Four years ago, recognition as one of the valedictorians for our senior class would have been just another attempt to fit the circle into the square cut-out. But because my heart is so full of God’s love, the honor of speaking today is just that: an honor. Without it, I would feel just as full and purposeful as I do at this moment.
And I can guarantee, 100 percent, no doubt in my mind, that as I choose to fill myself with God’s love rather than with the things society tells me will satisfy me, I will find success, I will always retain a sense of self-worth. I will thrive whether I attend a prestigious university next fall and become a successful career man or woman or begin a life-long manager position at McDonald’s.
Because the fact of the matter remains, man possesses an innate desire to take part in something greater than himself. That something is God’s plan. And God’s plan for each of our lives may not leave us with an impressive and extensive resume, but if we pursue His plan, He promises to fill us. Jeremiah 29:11 says, ” ‘For I know the plans I have for you,’ declares the Lord, ‘plans to prosper you and not to harm you, plans to give you a hope and a future.’ “
It seems to me that she definitely went beyond her own personal jesus mantra and turned a speech into a sermon. Some people have said that since the school gave her the pulpit, they were wrong to cut the mike, but my understanding is that constitutional rights and protections end at the school door and basically, schools have the legal authority to act as the parent while the kid is in school, giving them the right to censor her speech and cut the mike. Correct me if I’m wrong - not that I agree with this; I think it’s B.S.

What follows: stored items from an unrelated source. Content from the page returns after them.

definition C1 :: "'a::euclidean_space set \<Rightarrow> (real \<Rightarrow> 'a \<Rightarrow> 'a \<Rightarrow> real) \<Rightarrow> bool" where
  "C1 \<Omega> \<theta> \<longleftrightarrow> (\<forall>u. L1_loc \<Omega> u \<longrightarrow>
     (\<lambda>(x, y). \<theta> (cmod (u x - u y)) x y) \<in> borel_measurable (lebesgue_on (\<Omega> \<times> \<Omega>)))"

definition C2 :: "'a::euclidean_space set \<Rightarrow> (real \<Rightarrow> 'a \<Rightarrow> 'a \<Rightarrow> real) \<Rightarrow> bool" where
  "C2 \<Omega> \<theta> \<longleftrightarrow> (\<forall>\<epsilon>>0. \<exists>\<delta>. 0 < \<delta> \<and> \<delta> < 1 \<and>
     (AE p in lebesgue_on (\<Omega> \<times> \<Omega>). \<forall>s t. 0 < s \<longrightarrow> 0 < t \<longrightarrow> \<bar>s - t\<bar> \<ge> \<epsilon> * max s t \<longrightarrow>
        \<theta> ((s + t) / 2) (fst p) (snd p) \<le> (1 - \<delta>) * ((\<theta> s (fst p) (snd p) + \<theta> t (fst p) (snd p)) / 2)))"

definition C3 :: "'a::euclidean_space set \<Rightarrow> (real \<Rightarrow> 'a \<Rightarrow> 'a \<Rightarrow> real) \<Rightarrow> bool" where
  "C3 \<Omega> \<theta> \<longleftrightarrow> (\<exists>pm pp \<beta>. 1 < pm \<and> pm \<le> pp \<and> 1 \<le> \<beta> \<and>
     (AE p in lebesgue_on (\<Omega> \<times> \<Omega>).
        almost_increasing (\<lambda>t. \<theta> t (fst p) (snd p) / t powr pm) \<beta> \<and>
        almost_decreasing (\<lambda>t. \<theta> t (fst p) (snd p) / t powr pp) \<beta>))"

definition C4 :: "'a::euclidean_space set \<Rightarrow> (real \<Rightarrow> 'a \<Rightarrow> 'a \<Rightarrow> real) \<Rightarrow> bool" where
  "C4 \<Omega> \<theta> \<longleftrightarrow> (\<exists>c1>0. AE p in lebesgue_on (\<Omega> \<times> \<Omega>).
     inverse c1 \<le> \<theta> 1 (fst p) (snd p) \<and> \<theta> 1 (fst p) (snd p) \<le> c1 \<and>
     \<theta> 0 (fst p) (snd p) = 0 \<and> (\<forall>t>0. 0 < \<theta> t (fst p) (snd p)))"

definition C5 :: "'a::euclidean_space set \<Rightarrow> (real \<Rightarrow> 'a \<Rightarrow> 'a \<Rightarrow> real) \<Rightarrow> bool" where
  "C5 \<Omega> \<theta> \<longleftrightarrow> (\<exists>c2>1. AE p in lebesgue_on (\<Omega> \<times> \<Omega>).
     \<forall>t>0. \<exists>D. ((\<lambda>z. \<theta> z (fst p) (snd p)) has_real_derivative D) (at t) \<and>
        0 < t * D \<and> t * D \<le> c2 * \<theta> t (fst p) (snd p))"
(* Let $(\Delta,U,\mu_\Delta)$ be an expanding Young tower with $\mu_\Delta(\Delta_n)=O(\rho^n)$ for some $\rho<1$, and let $\tau<1$. There exist $C>0$ and $\theta<1$ such that for all $n\in\mathbb N$, $$\int_{U^{-n}\Delta_0}\tau^{\Psi_n}\,d\mu_\Delta\le C\theta^n.$$
   Context: Expanding Young tower: probability space $(\Delta,\mu_\Delta)$, measure-preserving $U$, partition $\{\Delta_{k,p}\}_{0\le k<r_p}$ with $U:\Delta_{k,p}\to\Delta_{k+1,p}$ and $U:\Delta_{r_p-1,p}\to\Delta_0=\bigcup_m\Delta_{0,m}$ measurable isomorphisms, and bounded distortion $|1-J(x)/J(y)|\le C\beta^{s(Ux,Uy)}$ for the inverse Jacobian $J$ of $U$ and $x,y$ in a common partition element ($s$ the separation time counted in returns to the basis). $\Delta_n=\bigcup_p\Delta_{n,p}$. $\Psi_n(x)=\#\{1\le k\le n: U^kx\in\Delta_0\}$ is the number of returns to the basis between times $1$ and $n$. *)

theory Defs
  imports "HOL-Probability.Probability" "HOL-Library.Landau_Symbols"
begin

text \<open>Tower partition: index set P of columns, heights r p \<ge> 1, pieces D k p
  (level k of column p) for k < r p.\<close>

definition valid_piece :: "nat set \<Rightarrow> (nat \<Rightarrow> nat) \<Rightarrow> nat \<Rightarrow> nat \<Rightarrow> bool" where
  "valid_piece P r k p \<longleftrightarrow> p \<in> P \<and> k < r p"

definition tower_level :: "nat set \<Rightarrow> (nat \<Rightarrow> nat) \<Rightarrow> (nat \<Rightarrow> nat \<Rightarrow> 'a set) \<Rightarrow> nat \<Rightarrow> 'a set" where
  "tower_level P r D n = (\<Union>p\<in>{p\<in>P. n < r p}. D n p)"

definition same_piece :: "nat set \<Rightarrow> (nat \<Rightarrow> nat) \<Rightarrow> (nat \<Rightarrow> nat \<Rightarrow> 'a set) \<Rightarrow> 'a \<Rightarrow> 'a \<Rightarrow> bool" where
  "same_piece P r D x y \<longleftrightarrow> (\<exists>k p. valid_piece P r k p \<and> x \<in> D k p \<and> y \<in> D k p)"

definition visits_before :: "('a \<Rightarrow> 'a) \<Rightarrow> 'a set \<Rightarrow> 'a \<Rightarrow> nat \<Rightarrow> nat" where
  "visits_before U B x j = card {i. i < j \<and> (U ^^ i) x \<in> B}"
lemma metric_proj_nearest:
  fixes C :: "'a::{real_inner,complete_space} set"
  assumes "closed C" and "convex C" and "C \<noteq> {}"
  shows "metric_proj C x \<in> C \<and> (\<forall>z\<in>C. dist x (metric_proj C x) \<le> dist x z)"
  unfolding metric_proj_def using metric_proj_exists[OF assms, of x] by (rule someI_ex[OF bexE]) blast+

lemma metric_proj_in_set:
  fixes C :: "'a::{real_inner,complete_space} set"
  assumes "closed C" and "convex C" and "C \<noteq> {}"
  shows "metric_proj C x \<in> C"
  using metric_proj_nearest[OF assms] by blast

lemma metric_proj_le:
  fixes C :: "'a::{real_inner,complete_space} set"
  assumes "closed C" and "convex C" and "z \<in> C"
  shows "dist x (metric_proj C x) \<le> dist x z"
  using metric_proj_nearest[OF assms(1,2)] assms(3) by blast

lemma metric_proj_dot:
  fixes C :: "'a::{real_inner,complete_space} set"
  assumes "closed C" and "convex C" and "z \<in> C"
  shows "inner (x - metric_proj C x) (z - metric_proj C x) \<le> 0"
  using metric_proj_nearest[of C x] assms by (intro any_closest_point_dot) auto

lemma metric_proj_pythagoras_le:
  fixes C :: "'a::{real_inner,complete_space} set"
  assumes "closed C" and "convex C" and "z \<in> C"
  shows "dist x (metric_proj C x)^2 + dist (metric_proj C x) z^2 \<le> dist x z^2"
proof -
  let ?p = "metric_proj C x"
  have "dist x z^2 = dist x ?p^2 + dist ?p z^2 - 2 * inner (x - ?p) (z - ?p)"
    unfolding dist_norm power2_norm_eq_inner
    by (simp add: inner_diff_left inner_diff_right inner_commute)
  then show ?thesis using metric_proj_dot[OF assms, of x] by argo
qed

lemma metric_proj_lipschitz:
  fixes C :: "'a::{real_inner,complete_space} set"
  assumes "closed C" and "convex C" and "C \<noteq> {}"
  shows "dist (metric_proj C x) (metric_proj C y) \<le> dist x y"
proof -
  have "inner (x - metric_proj C x) (metric_proj C y - metric_proj C x) \<le> 0"
    and "inner (y - metric_proj C y) (metric_proj C x - metric_proj C y) \<le> 0"
    using assms by (simp_all add: metric_proj_dot metric_proj_in_set)
  then show ?thesis unfolding dist_norm and norm_le
    using inner_ge_zero[of "(x - metric_proj C x) - (y - metric_proj C y)"]
    by (simp add: inner_add inner_diff inner_commute)
qed

lemma metric_proj_self:
  fixes C :: "'a::{real_inner,complete_space} set"
  assumes "closed C" and "convex C" and "x \<in> C"
  shows "metric_proj C x = x"
  using metric_proj_le[OF assms, of x] by (metis dist_le_zero_iff dist_self)

lemma norm_metric_proj_le:
  fixes C :: "'a::{real_inner,complete_space} set"
  assumes "closed C" and "convex C" and "0 \<in> C"
  shows "norm (metric_proj C x) \<le> norm x"
  using metric_proj_lipschitz[OF assms(1,2), of x 0] metric_proj_self[OF assms] assms(3)
  by (auto simp: dist_norm)

lemma metric_proj_subspace_in:
  fixes U :: "'a::{real_inner,complete_space} set"
  assumes "subspace U" and "closed U"
  shows "metric_proj U x \<in> U"
  using assms subspace_0[OF assms(1)] by (intro metric_proj_in_set) (auto simp: subspace_imp_convex)

lemma metric_proj_subspace_orthogonal:
  fixes U :: "'a::{real_inner,complete_space} set"
  assumes "subspace U" and "closed U" and "u \<in> U"
  shows "inner (x - metric_proj U x) u = 0"
proof -
  let ?p = "metric_proj U x"
  have "?p \<in> U" using assms(1,2) by (rule metric_proj_subspace_in)
  then have "?p + u \<in> U" and "?p - u \<in> U" using assms by (auto intro: subspace_add subspace_diff)
  then have "inner (x - ?p) ((?p + u) - ?p) \<le> 0" and "inner (x - ?p) ((?p - u) - ?p) \<le> 0"
    using metric_proj_dot[OF assms(2) subspace_imp_convex[OF assms(1)]] by blast+
  then show ?thesis by (simp add: inner_diff_right)
qed

lemma dist_metric_proj_le:
  fixes A D :: "'a::{real_inner,complete_space} set"
  assumes A: "closed A" "convex A" and D: "closed D" "convex D"
    and "q' \<in> A" "dist (metric_proj D x) q' \<le> e"
    and "p' \<in> D" "dist (metric_proj A x) p' \<le> e"
  shows "dist (metric_proj A x) (metric_proj D x) \<le> e + 2 * sqrt (e * (dist x (metric_proj D x) + e))"
proof -
  define p q \<delta> where "p = metric_proj A x" and "q = metric_proj D x" and "\<delta> = dist x q"
  have "dist x p \<le> \<delta> + e"
    using metric_proj_le[OF A \<open>q' \<in> A\<close>, of x] dist_triangle[of x q' q] assms(6)
    unfolding p_def q_def \<delta>_def by (simp add: dist_commute)
  then have "dist x p' \<le> \<delta> + 2 * e"
    using dist_triangle[of x p' p] assms(8) unfolding p_def by linarith
  then have "dist x p'^2 \<le> (\<delta> + 2 * e)^2" by (simp add: power_mono)
  moreover have "\<delta>^2 + dist q p'^2 \<le> dist x p'^2"
    using metric_proj_pythagoras_le[OF D \<open>p' \<in> D\<close>, of x] unfolding q_def \<delta>_def .
  ultimately have "(dist q p' / 2)^2 \<le> e * (\<delta> + e)"
    by (simp add: power2_eq_square algebra_simps)
  then have "dist q p' / 2 \<le> sqrt (e * (\<delta> + e))" by (intro real_le_rsqrt)
  then show ?thesis
    using dist_triangle[of p q p'] assms(8) unfolding p_def q_def \<delta>_def by (simp add: dist_commute)
qed

section \<open>Sums of closed subspaces\<close>

lemma subspace_set_plus:
  assumes "subspace U" and "subspace V"
  shows "subspace (U + V)"
proof -
  have "U + V = {u + v |u v. u \<in> U \<and> v \<in> V}" by (auto simp: set_plus_def)
  then show ?thesis using subspace_sums[OF assms] by simp
qed

lemma set_plus_cball_diff_subset:
  fixes U V :: "'a::real_normed_vector set"
  assumes "subspace U" and "subspace V"
  shows "((U \<inter> cball 0 k) + V) + (*\<^sub>R) (-1) ` ((U \<inter> cball 0 k) + V) \<subseteq> (U \<inter> cball 0 (2 * k)) + V"
proof
  fix z assume "z \<in> ((U \<inter> cball 0 k) + V) + (*\<^sub>R) (-1) ` ((U \<inter> cball 0 k) + V)"
  then obtain y1 y2 where z: "z = y1 + (-1) *\<^sub>R y2"
    and "y1 \<in> (U \<inter> cball 0 k) + V" and "y2 \<in> (U \<inter> cball 0 k) + V"
    by (blast elim: set_plus_elim)
  from \<open>y1 \<in> (U \<inter> cball 0 k) + V\<close>
  obtain u1 v1 where "y1 = u1 + v1" "u1 \<in> U \<inter> cball 0 k" "v1 \<in> V" by (rule set_plus_elim)
  from \<open>y2 \<in> (U \<inter> cball 0 k) + V\<close>
  obtain u2 v2 where "y2 = u2 + v2" "u2 \<in> U \<inter> cball 0 k" "v2 \<in> V" by (rule set_plus_elim)
  have "norm (u1 - u2) \<le> 2 * k"
    using norm_triangle_ineq4[of u1 u2] \<open>u1 \<in> U \<inter> cball 0 k\<close> \<open>u2 \<in> U \<inter> cball 0 k\<close> by simp
  then have "u1 - u2 \<in> U \<inter> cball 0 (2 * k)"
    using assms(1) \<open>u1 \<in> U \<inter> cball 0 k\<close> \<open>u2 \<in> U \<inter> cball 0 k\<close> by (simp add: subspace_diff)
  moreover have "v1 - v2 \<in> V" using assms(2) \<open>v1 \<in> V\<close> \<open>v2 \<in> V\<close> by (rule subspace_diff)
  moreover have "z = (u1 - u2) + (v1 - v2)"
    using z \<open>y1 = u1 + v1\<close> \<open>y2 = u2 + v2\<close> by (simp add: algebra_simps)
  ultimately show "z \<in> (U \<inter> cball 0 (2 * k)) + V" by (simp add: set_plus_intro)
qed

lemma Baire_ball_subset_closure:
  fixes W :: "'a::complete_space set"
  assumes "closed W" and "W \<noteq> {}" and "W \<subseteq> (\<Union>k::nat. F k)" and "\<And>k. F k \<subseteq> W"
  shows "\<exists>k. \<exists>w\<in>W. \<exists>r>0. \<forall>x\<in>W. dist x w < r \<longrightarrow> x \<in> closure (F k)"
proof -
  have closure_F: "closure (F k) \<subseteq> W" for k by (rule closure_minimal[OF assms(4) assms(1)])
  have "(\<Union>k. F k) \<subseteq> (\<Union>k. closure (F k))" by (intro UN_mono subset_refl closure_subset)
  with assms(3) closure_F have Un_F: "(\<Union>k. closure (F k)) = W" by (intro equalityI UN_least) auto
  have "\<exists>k. top_of_set W interior_of closure (F k) \<noteq> {}"
  proof (rule ccontr)
    have "completely_metrizable_space (top_of_set W)"
      using assms(1) by (intro completely_metrizable_space_closedin completely_metrizable_space_euclidean)
        (simp add: closed_closedin[symmetric])
    moreover assume "\<not> (\<exists>k. top_of_set W interior_of closure (F k) \<noteq> {})"
    ultimately have "top_of_set W interior_of (\<Union>k. closure (F k)) = {}"
      by (intro Baire_category_alt) (auto intro!: closed_subset closure_F)
    then show False using assms(2) interior_of_topspace[of "top_of_set W"] unfolding Un_F by simp
  qed
  then obtain k w where w: "w \<in> top_of_set W interior_of closure (F k)" by blast
  define I where "I = top_of_set W interior_of closure (F k)"
  have "w \<in> I" and "I \<subseteq> closure (F k)" using w by (simp_all add: I_def interior_of_subset)
  have "openin (top_of_set W) I" by (simp add: I_def)
  then have "I \<subseteq> W" and "\<forall>x\<in>I. \<exists>e>0. \<forall>x'\<in>W. dist x' x < e \<longrightarrow> x' \<in> I"
    unfolding openin_euclidean_subtopology_iff by simp_all
  then obtain r where "r > 0" and "\<forall>x\<in>W. dist x w < r \<longrightarrow> x \<in> I" and "w \<in> W"
    using \<open>w \<in> I\<close> by blast
  with \<open>I \<subseteq> closure (F k)\<close> show ?thesis by blast
qed

lemma sum_subspaces_ball_subset_closure:
  fixes U V :: "'a::{real_normed_vector,complete_space} set"
  assumes "subspace U" and "subspace V" and "closed (U + V)"
  shows "\<exists>k r. 0 \<le> k \<and> 0 < r \<and> (U + V) \<inter> ball 0 r \<subseteq> closure ((U \<inter> cball 0 k) + V)"
proof -
  define S where "S k = (U \<inter> cball 0 (real k)) + V" for k
  have "U + V \<subseteq> (\<Union>k. S k)"
  proof
    fix w assume "w \<in> U + V"
    then obtain u v where "w = u + v" "u \<in> U" "v \<in> V" by (rule set_plus_elim)
    moreover obtain k :: nat where "norm u \<le> real k" using real_nat_ceiling_ge by blast
    ultimately have "w \<in> S k" unfolding S_def by auto
    then show "w \<in> (\<Union>k. S k)" by blast
  qed
  moreover have "S k \<subseteq> U + V" for k unfolding S_def by (intro set_plus_mono2) auto
  moreover have "0 \<in> U + V" using assms(1,2) subspace_0 subspace_set_plus by blast
  ultimately obtain k w0 r where "w0 \<in> U + V" and "0 < r"
    and r: "\<forall>w\<in>U + V. dist w w0 < r \<longrightarrow> w \<in> closure (S k)"
    using Baire_ball_subset_closure[OF assms(3)] by blast
  have S_diff: "S k + (*\<^sub>R) (-1) ` S k \<subseteq> S (2 * k)"
    unfolding S_def using set_plus_cball_diff_subset[OF assms(1,2), of "real k"] by simp
  have "(U + V) \<inter> ball 0 r \<subseteq> closure (S (2 * k))"
  proof
    fix w assume w: "w \<in> (U + V) \<inter> ball 0 r"
    have "w0 + w \<in> U + V"
      using w \<open>w0 \<in> U + V\<close> subspace_add[OF subspace_set_plus[OF assms(1,2)]] by blast
    then have "w0 + w \<in> closure (S k)" using w r by (simp add: dist_norm)
    moreover have "w0 \<in> closure (S k)" using r \<open>w0 \<in> U + V\<close> \<open>0 < r\<close> by simp
    then have "(-1) *\<^sub>R w0 \<in> closure ((*\<^sub>R) (-1) ` S k)" by (metis closure_scaleR image_eqI)
    ultimately have "(w0 + w) + (-1) *\<^sub>R w0 \<in> closure (S k + (*\<^sub>R) (-1) ` S k)"
      using closure_sum by blast
    then show "w \<in> closure (S (2 * k))" using closure_mono[OF S_diff] by auto
  qed
  then show ?thesis unfolding S_def using \<open>0 < r\<close> by (intro exI[of _ "real (2 * k)"] exI[of _ r]) auto
qed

I will thrive whether I attend a prestigious university next fall and become a successful career man or woman or begin a life-long manager position at McDonald’s.
That would be a great part of God’s plan, if she attended a prestigious university and became a successful career man. :D
I think it would sound less sermony if instead of making general statements about man needing God and using “we”, she stuck to “I”—God helped me, God filled a void in my life, etc. When she says “His love is ‘that something more’ we all desire,” and “man possesses an innate desire to take part in something greater than himself. That something is God’s plan,” it becomes preachy rather than just autobiographical.